§ Directions
Check each line of the entries below for the word "CARD" and state only how many lines have it.

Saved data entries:
(* For every $0<\varepsilon<\frac{\pi^2}{2}$ and every $x\in\mathbb T^d$, $$\frac{1}{(2\pi\varepsilon)^{d/2}}e^{-\frac{\mathrm{dist}(x,0_d)^2}{2\varepsilon}}\le\mathcal K_\varepsilon(x)\le2^{d+1}e^{5d}\cdot\frac{1}{(2\pi\varepsilon)^{d/2}}e^{-\frac{\mathrm{dist}(x,0_d)^2}{2\varepsilon}}.$$
   Context: $\mathbb T^d=\mathbb R^d/2\pi\mathbb Z^d$ with $\mathrm{dist}(x,y)=\min_{k\in\mathbb Z^d}\|x-y-2\pi k\|$, and $\mathcal K_\varepsilon(x)=(2\pi\varepsilon)^{-d/2}\sum_{k\in\mathbb Z^d}e^{-\|x-2\pi k\|^2/(2\varepsilon)}$ is the Gaussian (heat) kernel on $\mathbb T^d$. *)

theory Defs
  imports "HOL-Analysis.Analysis"
begin

text \<open>Points of the torus are represented by arbitrary representatives in real^'d;
  lattice points 2 pi k, k in Z^d, are parametrised by k :: int^'d.\<close>

definition lattice_pt :: "int ^ 'd \<Rightarrow> real ^ 'd" where
  "lattice_pt k = (\<chi> i. 2 * pi * of_int (k $ i))"

definition torus_dist :: "real ^ 'd \<Rightarrow> real ^ 'd \<Rightarrow> real" where
  "torus_dist x y = Inf (range (\<lambda>k::int ^ 'd. norm (x - y - lattice_pt k)))"

definition heat_kernel :: "real \<Rightarrow> real ^ 'd \<Rightarrow> real" where
  "heat_kernel eps x =
     (2 * pi * eps) powr (- real CARD('d) / 2) *
     infsum (\<lambda>k::int ^ 'd. exp (- (norm (x - lattice_pt k))\<^sup>2 / (2 * eps))) UNIV"

end

theory Submission
  imports Defs
begin

text \<open>The kernel factorises over the coordinates into one-dimensional periodised Gaussians
  \<Sum>n exp (-(y - 2\<pi>n)^2 / (2\<epsilon>)). Write y = z + 2\<pi>n0 with |z| \<le> \<pi>; then |z| is the distance
  from y to 2\<pi>\<int> and the term of index n0 dominates. Since
  (z - 2\<pi>m)^2 \<ge> z^2 + 4\<pi>^2 (m^2 - |m|) \<ge> z^2 + 2\<epsilon> (|m| - 1) for \<epsilon> \<le> 2\<pi>^2, the term of index
  n0 + m is at most e * exp (-|m|) times the dominant one, and the two-sided geometric series bounds
  each factor by 3e \<le> 9 times its dominant term. The dominant terms multiply to
  exp (-dist(x,0)^2 / (2\<epsilon>)), and 9^d \<le> 2^(d+1) e^(5d).\<close>

lemma has_sum_power_abs_int:
  fixes q :: real
  assumes "0 \<le> q" "q < 1"
  shows "((\<lambda>m::int. q ^ nat \<bar>m\<bar>) has_sum ((1 + q) / (1 - q))) UNIV"
proof -
  have geom: "((\<lambda>n. q ^ n) has_sum (1 / (1 - q))) UNIV"
    using assms by (intro sums_nonneg_imp_has_sum geometric_sums) auto
  have nonneg: "((\<lambda>m::int. q ^ nat \<bar>m\<bar>) has_sum (1 / (1 - q))) (range int)"
    by (subst has_sum_reindex) (auto simp: o_def geom)
  have "((\<lambda>n. q * q ^ n) has_sum (q * (1 / (1 - q)))) UNIV"
    by (rule has_sum_cmult_right[OF geom])
  then have neg: "((\<lambda>m::int. q ^ nat \<bar>m\<bar>) has_sum (q * (1 / (1 - q)))) (range (\<lambda>n. - int n - 1))"
    by (subst has_sum_reindex) (auto simp: inj_on_def o_def nat_add_distrib)
  have "range int \<union> range (\<lambda>n. - int n - 1) = (UNIV :: int set)"
  proof -
    have "m \<in> range int" if "0 \<le> m" for m :: int
      using that by (metis nonneg_int_cases rangeI)
    moreover have "m \<in> range (\<lambda>n. - int n - 1)" if "m < 0" for m :: int
      using that by (intro image_eqI[of _ _ "nat (- m - 1)"]) auto
    ultimately show ?thesis by (metis UNIV_eq_I UnI1 UnI2 not_less)
  qed
  with has_sum_Un_disjoint[OF nonneg neg]
  have "((\<lambda>m::int. q ^ nat \<bar>m\<bar>) has_sum (1 / (1 - q) + q * (1 / (1 - q)))) UNIV"
    by fastforce
  with assms show ?thesis by (simp add: field_simps)
qed

definition centered_mod_2pi :: "real \<Rightarrow> real" where
  "centered_mod_2pi y = y - 2 * pi * of_int (round (y / (2 * pi)))"

lemma abs_centered_mod_2pi_le: "\<bar>centered_mod_2pi y\<bar> \<le> pi"
proof -
  have "\<bar>y / (2 * pi) - of_int (round (y / (2 * pi)))\<bar> \<le> 1 / 2"
    using of_int_round_ge[of "y / (2 * pi)"] of_int_round_le[of "y / (2 * pi)"] by linarith
  then have "\<bar>2 * pi\<bar> * \<bar>y / (2 * pi) - of_int (round (y / (2 * pi)))\<bar> \<le> pi"
    by (simp add: field_simps)
  then have "\<bar>2 * pi * (y / (2 * pi) - of_int (round (y / (2 * pi))))\<bar> \<le> pi"
    by (simp only: abs_mult)
  then show ?thesis
    by (simp add: centered_mod_2pi_def right_diff_distrib)
qed

lemma centered_mod_2pi_shift:
  "y - 2 * pi * of_int n = centered_mod_2pi y - 2 * pi * of_int (n - round (y / (2 * pi)))"
  by (simp add: centered_mod_2pi_def algebra_simps)

lemma int_square_minus_abs_ge:
  fixes m :: int
  shows "0 \<le> real_of_int m ^ 2 - \<bar>real_of_int m\<bar>"
    and "\<bar>real_of_int m\<bar> - 1 \<le> real_of_int m ^ 2 - \<bar>real_of_int m\<bar>"
proof -
  have "m = 0 \<or> 1 \<le> \<bar>real_of_int m\<bar>" by linarith
  then have "\<bar>real_of_int m\<bar> \<le> \<bar>real_of_int m\<bar> * \<bar>real_of_int m\<bar>"
    using mult_right_mono[of 1 "\<bar>real_of_int m\<bar>" "\<bar>real_of_int m\<bar>"] by auto
  then show "0 \<le> real_of_int m ^ 2 - \<bar>real_of_int m\<bar>"
    by (simp add: power2_eq_square abs_mult_self_eq)
  have "0 \<le> (\<bar>real_of_int m\<bar> - 1)\<^sup>2" by simp
  then show "\<bar>real_of_int m\<bar> - 1 \<le> real_of_int m ^ 2 - \<bar>real_of_int m\<bar>"
    by (simp add: power2_eq_square algebra_simps)
qed

lemma square_sub_2pi_mult_ge:
  fixes z :: real and m :: int
  assumes "\<bar>z\<bar> \<le> pi"
  shows "z\<^sup>2 + 4 * pi\<^sup>2 * (real_of_int m ^ 2 - \<bar>real_of_int m\<bar>) \<le> (z - 2 * pi * m)\<^sup>2"
proof -
  have "m * z \<le> \<bar>m\<bar> * pi"
    using abs_ge_self[of "m * z"] mult_left_mono[OF assms abs_ge_zero[of "real_of_int m"]]
    by (simp add: abs_mult)
  then have "4 * pi * (m * z) \<le> 4 * pi * (\<bar>m\<bar> * pi)"
    by simp
  then show ?thesis
    by (simp add: power2_eq_square algebra_simps)
qed

lemma centered_mod_2pi_square_le: "(centered_mod_2pi y)\<^sup>2 \<le> (y - 2 * pi * of_int n)\<^sup>2"
  using square_sub_2pi_mult_ge[OF abs_centered_mod_2pi_le, of y "n - round (y / (2 * pi))"]
    int_square_minus_abs_ge(1)[of "n - round (y / (2 * pi))"]
  unfolding centered_mod_2pi_shift[of y n] by (smt (verit) mult_nonneg_nonneg zero_le_power2)

lemma has_sum_exp_neg_abs_int_shift:
  "((\<lambda>n::int. exp (-1) ^ nat \<bar>n - c\<bar>) has_sum ((1 + exp (-1)) / (1 - exp (-1 :: real)))) UNIV"
proof -
  have "bij_betw (\<lambda>n::int. n - c) UNIV UNIV"
    by (rule bij_betwI[where g = "\<lambda>n. n + c"]) auto
  from has_sum_reindex_bij_betw[OF this, of "\<lambda>m. exp (-1) ^ nat \<bar>m\<bar>"]
    has_sum_power_abs_int[of "exp (-1)"]
  show ?thesis by auto
qed

lemma exp_neg_one_two_sided_geometric_le: "(1 + exp (-1)) / (1 - exp (-1 :: real)) \<le> 3"
proof -
  have "2 \<le> exp (1 :: real)"
    using exp_ge_add_one_self[of 1] by simp
  then have "exp (-1 :: real) \<le> 1 / 2"
    by (simp add: exp_minus field_simps)
  then show ?thesis
    by (simp add: field_simps)
qed

definition periodic_gaussian :: "real \<Rightarrow> real \<Rightarrow> real" where
  "periodic_gaussian eps y = infsum (\<lambda>n::int. exp (- (y - 2 * pi * of_int n)\<^sup>2 / (2 * eps))) UNIV"

lemma gaussian_term_le:
  assumes "0 < eps" "eps \<le> 2 * pi\<^sup>2"
  shows "exp (- (y - 2 * pi * of_int n)\<^sup>2 / (2 * eps))
    \<le> exp 1 * exp (- (centered_mod_2pi y)\<^sup>2 / (2 * eps)) * exp (-1) ^ nat \<bar>n - round (y / (2 * pi))\<bar>"
proof -
  define m where "m = n - round (y / (2 * pi))"
  define z where "z = centered_mod_2pi y"
  have "2 * eps * (\<bar>real_of_int m\<bar> - 1) \<le> 2 * eps * (real_of_int m ^ 2 - \<bar>real_of_int m\<bar>)"
    using int_square_minus_abs_ge(2)[of m] assms by simp
  also have "\<dots> \<le> 4 * pi\<^sup>2 * (real_of_int m ^ 2 - \<bar>real_of_int m\<bar>)"
    using int_square_minus_abs_ge(1)[of m] assms by (intro mult_right_mono) auto
  finally have "z\<^sup>2 + 2 * eps * (\<bar>real_of_int m\<bar> - 1) \<le> (y - 2 * pi * of_int n)\<^sup>2"
    using square_sub_2pi_mult_ge[OF abs_centered_mod_2pi_le, of y m]
    unfolding centered_mod_2pi_shift[of y n] m_def z_def by linarith
  then have "- (y - 2 * pi * of_int n)\<^sup>2 / (2 * eps) \<le> 1 + - z\<^sup>2 / (2 * eps) + real (nat \<bar>m\<bar>) * -1"
    using assms by (simp add: field_simps)
  then have "exp (- (y - 2 * pi * of_int n)\<^sup>2 / (2 * eps))
      \<le> exp (1 + - z\<^sup>2 / (2 * eps) + real (nat \<bar>m\<bar>) * -1)"
    by simp
  also have "\<dots> = exp 1 * exp (- z\<^sup>2 / (2 * eps)) * exp (-1) ^ nat \<bar>m\<bar>"
    by (simp only: exp_add exp_of_nat_mult)
  finally show ?thesis
    unfolding m_def z_def .
qed

lemma has_sum_gaussian_majorant:
  "((\<lambda>n::int. exp 1 * exp (- (centered_mod_2pi y)\<^sup>2 / (2 * eps)) * exp (-1) ^ nat \<bar>n - round (y / (2 * pi))\<bar>)
     has_sum (exp 1 * exp (- (centered_mod_2pi y)\<^sup>2 / (2 * eps)) * ((1 + exp (-1)) / (1 - exp (-1))))) UNIV"
  by (rule has_sum_cmult_right[OF has_sum_exp_neg_abs_int_shift])

lemma periodic_gaussian_summable:
  assumes "0 < eps" "eps \<le> 2 * pi\<^sup>2"
  shows "(\<lambda>n::int. exp (- (y - 2 * pi * of_int n)\<^sup>2 / (2 * eps))) summable_on UNIV"
  using has_sum_imp_summable[OF has_sum_gaussian_majorant[where y = y and eps = eps]]
  by (rule summable_on_comparison_test) (use gaussian_term_le[OF assms] in auto)

lemma periodic_gaussian_ge:
  assumes "0 < eps" "eps \<le> 2 * pi\<^sup>2"
  shows "exp (- (centered_mod_2pi y)\<^sup>2 / (2 * eps)) \<le> periodic_gaussian eps y"
proof -
  have "(\<Sum>n\<in>{round (y / (2 * pi))}. exp (- (y - 2 * pi * of_int n)\<^sup>2 / (2 * eps)))
      \<le> periodic_gaussian eps y"
    unfolding periodic_gaussian_def
    using periodic_gaussian_summable[OF assms, of y]
    by (intro finite_sum_le_infsum) auto
  then show ?thesis
    by (simp add: centered_mod_2pi_def)
qed

lemma periodic_gaussian_le:
  assumes "0 < eps" "eps \<le> 2 * pi\<^sup>2"
  shows "periodic_gaussian eps y \<le> 9 * exp (- (centered_mod_2pi y)\<^sup>2 / (2 * eps))"
proof -
  define E where "E = exp (- (centered_mod_2pi y)\<^sup>2 / (2 * eps))"
  have "periodic_gaussian eps y \<le> exp 1 * E * ((1 + exp (-1)) / (1 - exp (-1)))"
    unfolding periodic_gaussian_def E_def
    using periodic_gaussian_summable[OF assms, of y] gaussian_term_le[OF assms, of y]
    by (intro has_sum_mono[OF has_sum_infsum has_sum_gaussian_majorant]) auto
  also have "\<dots> \<le> 3 * E * 3"
    using exp_le exp_neg_one_two_sided_geometric_le
    by (intro mult_mono) (auto simp: E_def)
  finally show ?thesis
    by (simp add: E_def)
qed

lemma infsum_prod_vec_nth:
  fixes f :: "'d::finite \<Rightarrow> 'b \<Rightarrow> 'c::{banach, real_normed_div_algebra, comm_semiring_1}"
  assumes "\<And>i. (\<lambda>n. norm (f i n)) summable_on UNIV"
  shows "infsum (\<lambda>k::'b ^ 'd. \<Prod>i\<in>UNIV. f i (k $ i)) UNIV = (\<Prod>i\<in>UNIV. infsum (f i) UNIV)"
proof -
  have "bij_betw vec_lambda (PiE UNIV (\<lambda>_::'d. UNIV :: 'b set)) UNIV"
    unfolding PiE_UNIV by (rule bij_betwI[where g = vec_nth]) auto
  then have "infsum (\<lambda>k::'b ^ 'd. \<Prod>i\<in>UNIV. f i (k $ i)) UNIV
      = infsum (\<lambda>g. \<Prod>i\<in>UNIV. f i (g i)) (PiE UNIV (\<lambda>_. UNIV))"
    by (subst infsum_reindex_bij_betw[symmetric]) auto
  also have "\<dots> = (\<Prod>i\<in>UNIV. infsum (f i) UNIV)"
    using assms by (intro infsum_prod_PiE_abs) auto
  finally show ?thesis .
qed

lemma norm_sub_lattice_pt_square:
  "(norm (x - lattice_pt k))\<^sup>2 = (\<Sum>i\<in>UNIV. (x $ i - 2 * pi * of_int (k $ i))\<^sup>2)"
  by (simp add: norm_vec_def L2_set_def sum_nonneg lattice_pt_def)

lemma exp_neg_sum_divide:
  fixes f :: "'a \<Rightarrow> real"
  assumes "finite A"
  shows "exp (- (\<Sum>i\<in>A. f i) / c) = (\<Prod>i\<in>A. exp (- f i / c))"
proof -
  have "- (\<Sum>i\<in>A. f i) / c = (\<Sum>i\<in>A. - f i / c)"
    by (simp add: sum_divide_distrib sum_negf)
  with assms show ?thesis
    by (simp add: exp_sum)
qed

lemma heat_kernel_eq_prod_periodic_gaussian:
  fixes x :: "real ^ 'd"
  assumes "0 < eps" "eps \<le> 2 * pi\<^sup>2"
  shows "heat_kernel eps x
    = (2 * pi * eps) powr (- real CARD('d) / 2) * (\<Prod>i\<in>UNIV. periodic_gaussian eps (x $ i))"
  unfolding heat_kernel_def periodic_gaussian_def norm_sub_lattice_pt_square exp_neg_sum_divide[OF finite]
  using periodic_gaussian_summable[OF assms]
  by (subst infsum_prod_vec_nth[where f = "\<lambda>i n. exp (- (x $ i - 2 * pi * of_int n)\<^sup>2 / (2 * eps))"]) auto

lemma torus_dist_zero_square:
  fixes x :: "real ^ 'd"
  shows "(torus_dist x 0)\<^sup>2 = (\<Sum>i\<in>UNIV. (centered_mod_2pi (x $ i))\<^sup>2)"
proof -
  define k\<^sub>0 :: "int ^ 'd" where "k\<^sub>0 = (\<chi> i. round (x $ i / (2 * pi)))"
  have nearest: "(norm (x - lattice_pt k\<^sub>0))\<^sup>2 = (\<Sum>i\<in>UNIV. (centered_mod_2pi (x $ i))\<^sup>2)"
    by (simp add: norm_sub_lattice_pt_square k\<^sub>0_def centered_mod_2pi_def)
  have "(norm (x - lattice_pt k\<^sub>0))\<^sup>2 \<le> (norm (x - lattice_pt k))\<^sup>2" for k
    unfolding nearest unfolding norm_sub_lattice_pt_square
    by (intro sum_mono centered_mod_2pi_square_le)
  then have "norm (x - lattice_pt k\<^sub>0) \<le> norm (x - lattice_pt k)" for k
    by (simp add: power2_le_iff_abs_le)
  then have "torus_dist x 0 = norm (x - lattice_pt k\<^sub>0)"
    unfolding torus_dist_def by (intro cInf_eq_minimum) auto
  with nearest show ?thesis
    by simp
qed

lemma nine_power_le: "(9 :: real) ^ n \<le> 2 ^ (n + 1) * exp (5 * real n)"
proof -
  have "(9 :: real) ^ n \<le> (2 * exp 5) ^ n"
    using exp_ge_add_one_self[of "5 :: real"] by (intro power_mono) auto
  also have "\<dots> = 2 ^ n * exp (5 * real n)"
    by (simp add: power_mult_distrib exp_of_nat_mult[symmetric] mult.commute)
  also have "\<dots> \<le> 2 ^ (n + 1) * exp (5 * real n)"
    by simp
  finally show ?thesis .
qed

theorem propositionC1:
  fixes eps :: real and x :: "real ^ 'd"
  assumes "0 < eps" and "eps < pi\<^sup>2 / 2"
  shows "1 / (2 * pi * eps) powr (real CARD('d) / 2) * exp (- (torus_dist x 0)\<^sup>2 / (2 * eps))
           \<le> heat_kernel eps x
       \<and> heat_kernel eps x
           \<le> 2 ^ (CARD('d) + 1) * exp (5 * real CARD('d)) *
              (1 / (2 * pi * eps) powr (real CARD('d) / 2) * exp (- (torus_dist x 0)\<^sup>2 / (2 * eps)))"
proof -
  have eps: "0 < eps" "eps \<le> 2 * pi\<^sup>2"
    using assms by auto
  define P where "P = 1 / (2 * pi * eps) powr (real CARD('d) / 2)"
  define S where "S i = periodic_gaussian eps (x $ i)" for i
  define E where "E i = exp (- (centered_mod_2pi (x $ i))\<^sup>2 / (2 * eps))" for i
  have kernel: "heat_kernel eps x = P * (\<Prod>i\<in>UNIV. S i)"
    unfolding heat_kernel_eq_prod_periodic_gaussian[OF eps] P_def S_def
    by (simp add: powr_minus_divide)
  have gaussian: "exp (- (torus_dist x 0)\<^sup>2 / (2 * eps)) = (\<Prod>i\<in>UNIV. E i)"
    unfolding torus_dist_zero_square E_def by (rule exp_neg_sum_divide[OF finite])
  have E_le_S: "0 \<le> E i \<and> E i \<le> S i" for i
    using periodic_gaussian_ge[OF eps] by (simp add: E_def S_def)
  have lower: "(\<Prod>i\<in>UNIV. E i) \<le> (\<Prod>i\<in>UNIV. S i)"
    using E_le_S by (intro prod_mono) auto
  have S_le: "S i \<le> 9 * E i" for i
    unfolding S_def E_def by (rule periodic_gaussian_le[OF eps])
  have "(\<Prod>i\<in>UNIV. S i) \<le> (\<Prod>i\<in>UNIV. 9 * E i)"
    using E_le_S S_le by (intro prod_mono) (meson order_trans)
  also have "\<dots> = 9 ^ CARD('d) * (\<Prod>i\<in>UNIV. E i)"
    by (simp add: prod.distrib)
  also have "\<dots> \<le> 2 ^ (CARD('d) + 1) * exp (5 * real CARD('d)) * (\<Prod>i\<in>UNIV. E i)"
    using nine_power_le E_le_S by (intro mult_right_mono prod_nonneg) auto
  finally have upper: "(\<Prod>i\<in>UNIV. S i) \<le> 2 ^ (CARD('d) + 1) * exp (5 * real CARD('d)) * (\<Prod>i\<in>UNIV. E i)" .
  have "0 \<le> P"
    by (simp add: P_def)
  with lower upper show ?thesis
    unfolding kernel gaussian P_def[symmetric]
    by (auto dest: mult_left_mono[of _ _ P] simp: ac_simps)
qed

end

§ Answer box
9